lemma sum_bracket_decomposition_iff:
  assumes vs: "vector_space sL" "vector_space sV" and \<delta>: "bilin sL sL sL \<delta>"
    and d: "bilin (sum_scale sL sV) (sum_scale sL sV) (sum_scale sL sV) d"
  shows "(\<forall>p q. fst (d p q) = \<delta> (fst p) (fst q)) \<and> (\<forall>v w. d (0, v) (0, w) = 0) \<longleftrightarrow>
    (\<exists>lamL lamR \<theta>. bilin sL sV sV lamL \<and> bilin sV sL sV lamR \<and> bilin sL sL sV \<theta> \<and>
      d = sum_bracket \<delta> \<theta> lamL lamR)"
proof
  assume "(\<forall>p q. fst (d p q) = \<delta> (fst p) (fst q)) \<and> (\<forall>v w. d (0, v) (0, w) = 0)"
  then have "d = sum_bracket \<delta> (\<lambda>x y. snd (d (x, 0) (y, 0))) (\<lambda>x w. snd (d (x, 0) (0, w)))
      (\<lambda>v y. snd (d (0, v) (y, 0)))"
    using d by (intro sum_bracket_of_bilin) blast+
  moreover have "bilin sL sL sV (\<lambda>x y. snd (d (x, 0) (y, 0)))"
      "bilin sL sV sV (\<lambda>x w. snd (d (x, 0) (0, w)))" "bilin sV sL sV (\<lambda>v y. snd (d (0, v) (y, 0)))"
    using bilin_compose[OF d _ _ linear_snd_sum_scale[OF vs]] linear_Pair_zero_left[OF vs]
      linear_Pair_zero_right[OF vs] by blast+
  ultimately show "\<exists>lamL lamR \<theta>. bilin sL sV sV lamL \<and> bilin sV sL sV lamR \<and> bilin sL sL sV \<theta> \<and>
      d = sum_bracket \<delta> \<theta> lamL lamR"
    by blast
next
  assume "\<exists>lamL lamR \<theta>. bilin sL sV sV lamL \<and> bilin sV sL sV lamR \<and> bilin sL sL sV \<theta> \<and>
      d = sum_bracket \<delta> \<theta> lamL lamR"
  then obtain lamL lamR \<theta> where "bilin sL sV sV lamL" "bilin sV sL sV lamR" "bilin sL sL sV \<theta>"
    and "d = sum_bracket \<delta> \<theta> lamL lamR"
    by blast
  then show "(\<forall>p q. fst (d p q) = \<delta> (fst p) (fst q)) \<and> (\<forall>v w. d (0, v) (0, w) = 0)"
    using \<delta> by (simp add: sum_bracket_def zero_prod_def bilin_simps)
qed

definition bihom_skew :: "('a \<Rightarrow> 'a \<Rightarrow> 'b::group_add) \<Rightarrow> ('a \<Rightarrow> 'a) \<Rightarrow> ('a \<Rightarrow> 'a) \<Rightarrow> bool" where
  "bihom_skew br \<alpha> \<beta> \<longleftrightarrow> (\<forall>x y. br (\<beta> x) (\<alpha> y) = - br (\<beta> y) (\<alpha> x))"

definition bihom_jacobiator ::
  "('a \<Rightarrow> 'a \<Rightarrow> 'a::plus) \<Rightarrow> ('a \<Rightarrow> 'a) \<Rightarrow> ('a \<Rightarrow> 'a) \<Rightarrow> 'a \<Rightarrow> 'a \<Rightarrow> 'a \<Rightarrow> 'a" where
  "bihom_jacobiator br \<alpha> \<beta> x y z =
     br (\<beta> (\<beta> x)) (br (\<beta> y) (\<alpha> z)) + br (\<beta> (\<beta> y)) (br (\<beta> z) (\<alpha> x))
     + br (\<beta> (\<beta> z)) (br (\<beta> x) (\<alpha> y))"

definition bihom_jacobi :: "('a \<Rightarrow> 'a \<Rightarrow> 'a::monoid_add) \<Rightarrow> ('a \<Rightarrow> 'a) \<Rightarrow> ('a \<Rightarrow> 'a) \<Rightarrow> bool" where
  "bihom_jacobi br \<alpha> \<beta> \<longleftrightarrow> (\<forall>x y z. bihom_jacobiator br \<alpha> \<beta> x y z = 0)"

lemma bihom_lie_iff:
  "bihom_lie s br \<alpha> \<beta> \<longleftrightarrow>
     vector_space s \<and> bilin s s s br \<and> Vector_Spaces.linear s s \<alpha> \<and> Vector_Spaces.linear s s \<beta> \<and>
     \<alpha> \<circ> \<beta> = \<beta> \<circ> \<alpha> \<and> bihom_skew br \<alpha> \<beta> \<and> bihom_jacobi br \<alpha> \<beta>"
  by (simp add: bihom_lie_def bihom_skew_def bihom_jacobi_def bihom_jacobiator_def)

lemma bihom_lie_zero_simps:
  assumes "bihom_lie s br \<alpha> \<beta>"
  shows "\<alpha> 0 = 0" "\<beta> 0 = 0" "br x 0 = 0" "br 0 y = 0"
proof -
  have "Vector_Spaces.linear s s \<alpha>" "Vector_Spaces.linear s s \<beta>" "bilin s s s br"
    using assms by (simp_all add: bihom_lie_iff)
  then show "\<alpha> 0 = 0" "\<beta> 0 = 0" "br x 0 = 0" "br 0 y = 0"
    by (simp_all add: linear_hom_simps bilin_simps)
qed

lemma bihom_lie_sum_scale_iff:
  assumes L: "bihom_lie sL \<delta> \<alpha> \<beta>" and V: "abelian_bihom_lie sV \<alpha>V \<beta>V"
    and d: "bilin (sum_scale sL sV) (sum_scale sL sV) (sum_scale sL sV) d"
  shows "bihom_lie (sum_scale sL sV) d (sum_map \<alpha> \<alpha>V) (sum_map \<beta> \<beta>V) \<longleftrightarrow>
    bihom_skew d (sum_map \<alpha> \<alpha>V) (sum_map \<beta> \<beta>V) \<and> bihom_jacobi d (sum_map \<alpha> \<alpha>V) (sum_map \<beta> \<beta>V)"
proof -
  have "\<alpha> (\<beta> x) = \<beta> (\<alpha> x)" "\<alpha>V (\<beta>V v) = \<beta>V (\<alpha>V v)" for x v
    using L V by (simp_all add: bihom_lie_iff abelian_bihom_lie_def comp_def fun_eq_iff)
  then have "sum_map \<alpha> \<alpha>V \<circ> sum_map \<beta> \<beta>V = sum_map \<beta> \<beta>V \<circ> sum_map \<alpha> \<alpha>V"
    by (simp add: fun_eq_iff sum_map_def)
  with L V d show ?thesis
    by (simp add: bihom_lie_iff abelian_bihom_lie_def vector_space_sum_scale linear_sum_map)
qed

lemma bihom_skew_sum_bracket_iff:
  assumes L: "bihom_lie sL \<delta> \<alpha> \<beta>" and V: "abelian_bihom_lie sV \<alpha>V \<beta>V"
    and \<theta>: "bilin sL sL sV \<theta>" and lamL: "bilin sL sV sV lamL" and lamR: "bilin sV sL sV lamR"
  shows "bihom_skew (sum_bracket \<delta> \<theta> lamL lamR) (sum_map \<alpha> \<alpha>V) (sum_map \<beta> \<beta>V) \<longleftrightarrow>
    bihom_skew \<theta> \<alpha> \<beta> \<and> (\<forall>y v. lamR (\<beta>V v) (\<alpha> y) = - lamL (\<beta> y) (\<alpha>V v))"
    (is "?skew \<longleftrightarrow> ?rhs")
proof
  assume ?skew
  then have skew: "sum_bracket \<delta> \<theta> lamL lamR (sum_map \<beta> \<beta>V X) (sum_map \<alpha> \<alpha>V Y)
      = - sum_bracket \<delta> \<theta> lamL lamR (sum_map \<beta> \<beta>V Y) (sum_map \<alpha> \<alpha>V X)" for X Y
    unfolding bihom_skew_def by blast
  note zero_simps = sum_map_def bihom_lie_zero_simps[OF L]
    bihom_lie_zero_simps(1,2)[OF V[unfolded abelian_bihom_lie_def]]
    bilin_simps[OF \<theta>] bilin_simps[OF lamL] bilin_simps[OF lamR]
  have "\<theta> (\<beta> x) (\<alpha> y) = - \<theta> (\<beta> y) (\<alpha> x)" for x y
    using skew[of "(x, 0)" "(y, 0)"] by (simp add: zero_simps)
  moreover have "lamR (\<beta>V v) (\<alpha> y) = - lamL (\<beta> y) (\<alpha>V v)" for y v
    using skew[of "(0, v)" "(y, 0)"] by (simp add: zero_simps)
  ultimately show ?rhs
    unfolding bihom_skew_def by blast
next
  assume ?rhs
  then have \<theta>_skew: "\<theta> (\<beta> x) (\<alpha> y) = - \<theta> (\<beta> y) (\<alpha> x)"
    and lamR_skew: "lamR (\<beta>V v) (\<alpha> y) = - lamL (\<beta> y) (\<alpha>V v)" for x y v
    unfolding bihom_skew_def by blast+
  have \<delta>_skew: "\<delta> (\<beta> x) (\<alpha> y) = - \<delta> (\<beta> y) (\<alpha> x)" for x y
    using L unfolding bihom_lie_def by blast
  show ?skew
    unfolding bihom_skew_def
  proof (intro allI)
    fix X Y
    show "sum_bracket \<delta> \<theta> lamL lamR (sum_map \<beta> \<beta>V X) (sum_map \<alpha> \<alpha>V Y)
        = - sum_bracket \<delta> \<theta> lamL lamR (sum_map \<beta> \<beta>V Y) (sum_map \<alpha> \<alpha>V X)"
      by (simp add: sum_bracket_def sum_map_def \<delta>_skew[of "fst X"] \<theta>_skew[of "fst X"] lamR_skew)
  qed
qed

lemma bihom_jacobi_sum_bracketD:
  assumes L: "bihom_lie sL \<delta> \<alpha> \<beta>" and V: "abelian_bihom_lie sV \<alpha>V \<beta>V"
    and \<theta>: "bilin sL sL sV \<theta>" and lamL: "bilin sL sV sV lamL" and lamR: "bilin sV sL sV lamR"
    and \<theta>_skew: "bihom_skew \<theta> \<alpha> \<beta>"
    and jacobi: "bihom_jacobi (sum_bracket \<delta> \<theta> lamL lamR) (sum_map \<alpha> \<alpha>V) (sum_map \<beta> \<beta>V)"
  shows "\<theta> (\<beta> (\<beta> x)) (\<delta> (\<beta> y) (\<alpha> z)) - \<theta> (\<beta> (\<beta> y)) (\<delta> (\<beta> x) (\<alpha> z))
           + \<theta> (\<beta> (\<beta> z)) (\<delta> (\<beta> x) (\<alpha> y))
           + lamL (\<beta> (\<beta> x)) (\<theta> (\<beta> y) (\<alpha> z)) - lamL (\<beta> (\<beta> y)) (\<theta> (\<beta> x) (\<alpha> z))
           + lamL (\<beta> (\<beta> z)) (\<theta> (\<beta> x) (\<alpha> y)) = 0"
    and "lamL (\<beta> (\<beta> x)) (lamL (\<beta> y) (\<alpha>V v)) + lamL (\<beta> (\<beta> y)) (lamR (\<beta>V v) (\<alpha> x))
           + lamR (\<beta>V (\<beta>V v)) (\<delta> (\<beta> x) (\<alpha> y)) = 0"
proof -
  note zero_simps = sum_map_def bihom_lie_zero_simps[OF L]
    bihom_lie_zero_simps(1,2)[OF V[unfolded abelian_bihom_lie_def]]
    bilin_simps[OF \<theta>] bilin_simps[OF lamL] bilin_simps[OF lamR]
  have jac: "bihom_jacobiator (sum_bracket \<delta> \<theta> lamL lamR) (sum_map \<alpha> \<alpha>V) (sum_map \<beta> \<beta>V) X Y Z = 0"
    for X Y Z
    using jacobi unfolding bihom_jacobi_def by blast
  have \<delta>_skew: "\<delta> (\<beta> z) (\<alpha> x) = - \<delta> (\<beta> x) (\<alpha> z)"
    using L unfolding bihom_lie_def by blast
  have "\<theta> (\<beta> (\<beta> x)) (\<delta> (\<beta> y) (\<alpha> z)) - \<theta> (\<beta> (\<beta> y)) (\<delta> (\<beta> x) (\<alpha> z))
           + \<theta> (\<beta> (\<beta> z)) (\<delta> (\<beta> x) (\<alpha> y))
           + lamL (\<beta> (\<beta> x)) (\<theta> (\<beta> y) (\<alpha> z)) - lamL (\<beta> (\<beta> y)) (\<theta> (\<beta> x) (\<alpha> z))
           + lamL (\<beta> (\<beta> z)) (\<theta> (\<beta> x) (\<alpha> y))
      = snd (bihom_jacobiator (sum_bracket \<delta> \<theta> lamL lamR) (sum_map \<alpha> \<alpha>V) (sum_map \<beta> \<beta>V) (x, 0) (y, 0) (z, 0))"
    using \<theta>_skew[unfolded bihom_skew_def, rule_format, of z x]
    by (simp add: bihom_jacobiator_def zero_simps \<delta>_skew algebra_simps)
  then show "\<theta> (\<beta> (\<beta> x)) (\<delta> (\<beta> y) (\<alpha> z)) - \<theta> (\<beta> (\<beta> y)) (\<delta> (\<beta> x) (\<alpha> z))
           + \<theta> (\<beta> (\<beta> z)) (\<delta> (\<beta> x) (\<alpha> y))
           + lamL (\<beta> (\<beta> x)) (\<theta> (\<beta> y) (\<alpha> z)) - lamL (\<beta> (\<beta> y)) (\<theta> (\<beta> x) (\<alpha> z))
           + lamL (\<beta> (\<beta> z)) (\<theta> (\<beta> x) (\<alpha> y)) = 0"
    by (simp add: jac)
  show "lamL (\<beta> (\<beta> x)) (lamL (\<beta> y) (\<alpha>V v)) + lamL (\<beta> (\<beta> y)) (lamR (\<beta>V v) (\<alpha> x))
           + lamR (\<beta>V (\<beta>V v)) (\<delta> (\<beta> x) (\<alpha> y)) = 0"
    using jac[of "(x, 0)" "(y, 0)" "(0, v)"]
    by (simp add: bihom_jacobiator_def zero_simps zero_prod_def)
qed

→ Exercise
Within the records, filter for lines that contain the word "intro" and show each one.

→ Result
    using d by (intro sum_bracket_of_bilin) blast+
  proof (intro allI)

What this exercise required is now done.